Closed reckart closed 9 years ago
Issue 156 has been merged into this issue.
Original issue reported on code.google.com by torsten.zesch
on 2013-06-11 13:56:07
New "api" module?
Wikipedia says:
----
Phonology is often distinguished from phonetics. While phonetics concerns the physical
production, acoustic transmission and perception of the sounds of speech,[1][2] phonology
describes the way sounds function within a given language or across languages to encode
meaning. For many linguists, phonetics belongs to descriptive linguistics, and phonology
to theoretical linguistics, although establishing the phonological system of a language
is necessarily an application of theoretical principles to analysis of phonetic evidence.
Note that this distinction was not always made, particularly before the development
of the modern concept of phoneme in the mid 20th century. Some subfields of modern
phonology have a crossover with phonetics in descriptive disciplines such as psycholinguistics
and speech perception, resulting in specific areas like articulatory phonology or laboratory
phonology.
----
How to call the new module? .phonetics, .phonology, .speech? Probably "api.phonetics"
then?
Original issue reported on code.google.com by richard.eckart
on 2013-06-11 14:00:55
"+1" for api.phonetics
Original issue reported on code.google.com by torsten.zesch
on 2013-06-11 14:08:59
why not call it api.speech?
it would be more generic and would cover more accurately the current intended use
Judith
Original issue reported on code.google.com by eckle.kohler
on 2013-06-11 14:10:39
Some more links:
http://en.wikipedia.org/wiki/International_Phonetic_Alphabet
"For a guide to pronouncing IPA transcriptions of English words, see IPA chart for
English dialects.
The general principle of the IPA is to provide one letter for each distinctive sound
(speech segment) although this practice is not followed if the sound itself is complex."
see also
https://en.wikipedia.org/wiki/Phonetic_transcription
the current intended use it about transcriptions, if I understood correctly.
Should this be reflected in any way?
Original issue reported on code.google.com by eckle.kohler
on 2013-06-11 14:26:36
When I was thinking about "speech" I was looking for something that encompasses both,
phonetics and phonology or maybe something that was reasonably fuzzy, because I'm not
very acquainted with either discipline. I was also having doubts, though, because "speech"
may just be too broad.

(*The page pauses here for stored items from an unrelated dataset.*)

(* Let $V$ be a space. The following are equivalent: (i) $V$ is homothetic to $\langle 1,\tau\rangle_{\mathbb{Q}}$ for some root of unity $\tau$; (ii) $V$ contains a rational triple containing two perpendicular vectors; (iii) $V$ contains a rational $4$-tuple containing two perpendicular vectors.
   Context: A space is a $2$-dimensional $\mathbb{Q}$-vector subspace $V\subset\mathbb{C}$ containing two $\mathbb{R}$-linearly independent vectors; $\langle 1,\tau\rangle_{\mathbb{Q}}=\mathbb{Q}+\mathbb{Q}\tau$. Spaces $V_1,V_2$ are homothetic if $V_2=\lambda V_1$ for some $\lambda\in\mathbb{C}^*$. A rational $n$-tuple in $V$ is a set of $n$ vectors of $V$ spanning $n$ distinct lines through $0$ such that for any two of them $v,w$ the argument of $w/v$ is a rational multiple of $\pi$. *)

theory Defs
  imports "HOL-Analysis.Analysis"
begin

definition qspan2 :: "complex \<Rightarrow> complex \<Rightarrow> complex set" where
  "qspan2 a b = {of_rat p * a + of_rat q * b | p q. True}"

definition q_indep2 :: "complex \<Rightarrow> complex \<Rightarrow> bool" where
  "q_indep2 a b \<longleftrightarrow> (\<forall>p q :: rat. of_rat p * a + of_rat q * b = 0 \<longrightarrow> p = 0 \<and> q = 0)"

definition r_indep2 :: "complex \<Rightarrow> complex \<Rightarrow> bool" where
  "r_indep2 v w \<longleftrightarrow> (\<forall>r s :: real. of_real r * v + of_real s * w = 0 \<longrightarrow> r = 0 \<and> s = 0)"

definition is_space :: "complex set \<Rightarrow> bool" where
  "is_space V \<longleftrightarrow> (\<exists>a b. q_indep2 a b \<and> V = qspan2 a b) \<and>
                   (\<exists>v\<in>V. \<exists>w\<in>V. r_indep2 v w)"

definition homothetic :: "complex set \<Rightarrow> complex set \<Rightarrow> bool" where
  "homothetic V1 V2 \<longleftrightarrow> (\<exists>l::complex. l \<noteq> 0 \<and> V2 = (\<lambda>z. l * z) ` V1)"

definition root_of_unity :: "complex \<Rightarrow> bool" where
  "root_of_unity z \<longleftrightarrow> (\<exists>n::nat. n > 0 \<and> z ^ n = 1)"

text \<open>A rational n-tuple in V: n vectors of V spanning n distinct lines through 0,
  such that the argument of w/v is a rational multiple of pi for any two of them.\<close>
definition rational_tuple :: "nat \<Rightarrow> complex set \<Rightarrow> complex set \<Rightarrow> bool" where
  "rational_tuple n V S \<longleftrightarrow> finite S \<and> card S = n \<and> S \<subseteq> V \<and> 0 \<notin> S \<and>
     (\<forall>v\<in>S. \<forall>w\<in>S. v \<noteq> w \<longrightarrow> w / v \<notin> \<real>) \<and>
     (\<forall>v\<in>S. \<forall>w\<in>S. \<exists>q::rat. Arg (w / v) = of_rat q * pi)"

definition has_perp_pair :: "complex set \<Rightarrow> bool" where
  "has_perp_pair S \<longleftrightarrow> (\<exists>v\<in>S. \<exists>w\<in>S. v \<noteq> w \<and> v \<bullet> w = 0)"

end

theory Submission
  imports Defs
begin

text \<open>If \<open>V = l\<langle>1, \<tau>\<rangle>\<close> with \<open>\<tau>\<close> a (necessarily non-real) root of unity, then
  \<open>l{1, \<tau>, 1 + \<tau>, 1 - \<tau>}\<close> is a rational 4-tuple: \<open>1 + \<tau>\<close> and \<open>1 - \<tau>\<close> are the
  perpendicular diagonals of the rhombus spanned by \<open>1\<close> and \<open>\<tau>\<close>, and the squared directions
  \<open>x / cnj x\<close> of the four vectors are the roots of unity \<open>1, \<tau>\<^sup>2, \<tau>, -\<tau>\<close>. Conversely, let \<open>u \<perp> v\<close> and \<open>w\<close> form a
  rational triple. Then \<open>V = u\<langle>1, \<zeta>\<rangle>\<close> with \<open>\<zeta> = v / u\<close> purely imaginary, so \<open>\<langle>1, \<zeta>\<rangle>\<close>
  is closed under conjugation and contains both \<open>z = w / u\<close> and \<open>cnj z\<close>; hence it equals
  \<open>cnj z\<langle>1, z / cnj z\<rangle>\<close>. Finally \<open>z / cnj z = cis (2 Arg z)\<close> is a root of unity because
  \<open>Arg z\<close> is a rational multiple of \<open>\<pi>\<close>.\<close>

lemma of_real_of_rat_complex [simp]: "complex_of_real (of_rat q) = of_rat q"
  by (cases q) (simp add: of_rat_rat)

lemma of_rat_in_Reals [simp]: "(of_rat q :: complex) \<in> \<real>"
  by (metis of_real_of_rat_complex Reals_of_real)

lemma cnj_of_rat [simp]: "cnj (of_rat q) = of_rat q"
  by (metis of_real_of_rat_complex complex_cnj_complex_of_real)

lemma qspan2_iff: "x \<in> qspan2 a b \<longleftrightarrow> (\<exists>p q. x = of_rat p * a + of_rat q * b)"
  by (simp add: qspan2_def)

lemma qspan2_lincomb:
  assumes "x \<in> qspan2 a b" "y \<in> qspan2 a b"
  shows "of_rat r * x + of_rat s * y \<in> qspan2 a b"
proof -
  obtain p q p' q' where "x = of_rat p * a + of_rat q * b" "y = of_rat p' * a + of_rat q' * b"
    using assms by (auto simp: qspan2_iff)
  then have "of_rat r * x + of_rat s * y = of_rat (r * p + s * p') * a + of_rat (r * q + s * q') * b"
    by (simp add: of_rat_add of_rat_mult algebra_simps)
  then show ?thesis
    by (auto simp: qspan2_iff)
qed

Like, one may expect types for actually working with audio signals
or something like that.
The two additional links appear to me to support the "api.phonetics" naming.
Original issue reported on code.google.com by richard.eckart
on 2013-06-11 16:06:31
What makes me feel uncomfortable with a separate api.phonetics is that it looks like
DKPro Core does some kind of phonetic analysis - as the other api packages correspond
to linguistic analysis levels as well.
Is adding an existing transcription looked up in some resource (e.g. in any lexical
resource) as an annotation already a phonetic analysis?
Original issue reported on code.google.com by eckle.kohler
on 2013-06-11 19:22:00
This argument should also apply to "api.sound" then ;)
Looking up the pronunciation in a dictionary is only one way in which this could be
done.
Soundex/Metaphone is quite similar to stemming (simple rule-based).
More complex annotators, e.g. for annotating French pronunciation which also depends
on context, are easily imaginable.
Original issue reported on code.google.com by torsten.zesch
on 2013-06-11 19:27:50
I'd consider looking up transcriptions in a lexical resources as much a phonetic analysis
as looking up named entities in a gazetteer. Both are not sophisticated approaches,
but they both serve the purpose (I guess).
In both cases, it would be possible to use a generic component, say a "DictionaryAnnotator",
but in the first case it would create a "Pronunciation" annotation and in the second
case a "NamedEntity" annotation.
If there is a more sophisticated and readily available analysis tool, it might considered
integrating that.
Original issue reported on code.google.com by richard.eckart
on 2013-06-11 19:28:15
That should have read "I'd consider looking up transcriptions in a lexical resources
as much a phonetic analysis as I would consider looking up named entities in a gazetteer
as named entity identification."
Original issue reported on code.google.com by richard.eckart
on 2013-06-11 19:29:24
>> I'd consider looking up transcriptions in a lexical resources as much a phonetic
analysis as I would consider looking up named entities in a gazetteer as named entity
identification.
I agree - one could also think of components in other analysis levels that work similarly,
e.g. lemmatizers.
I was just not sure how to consider this ...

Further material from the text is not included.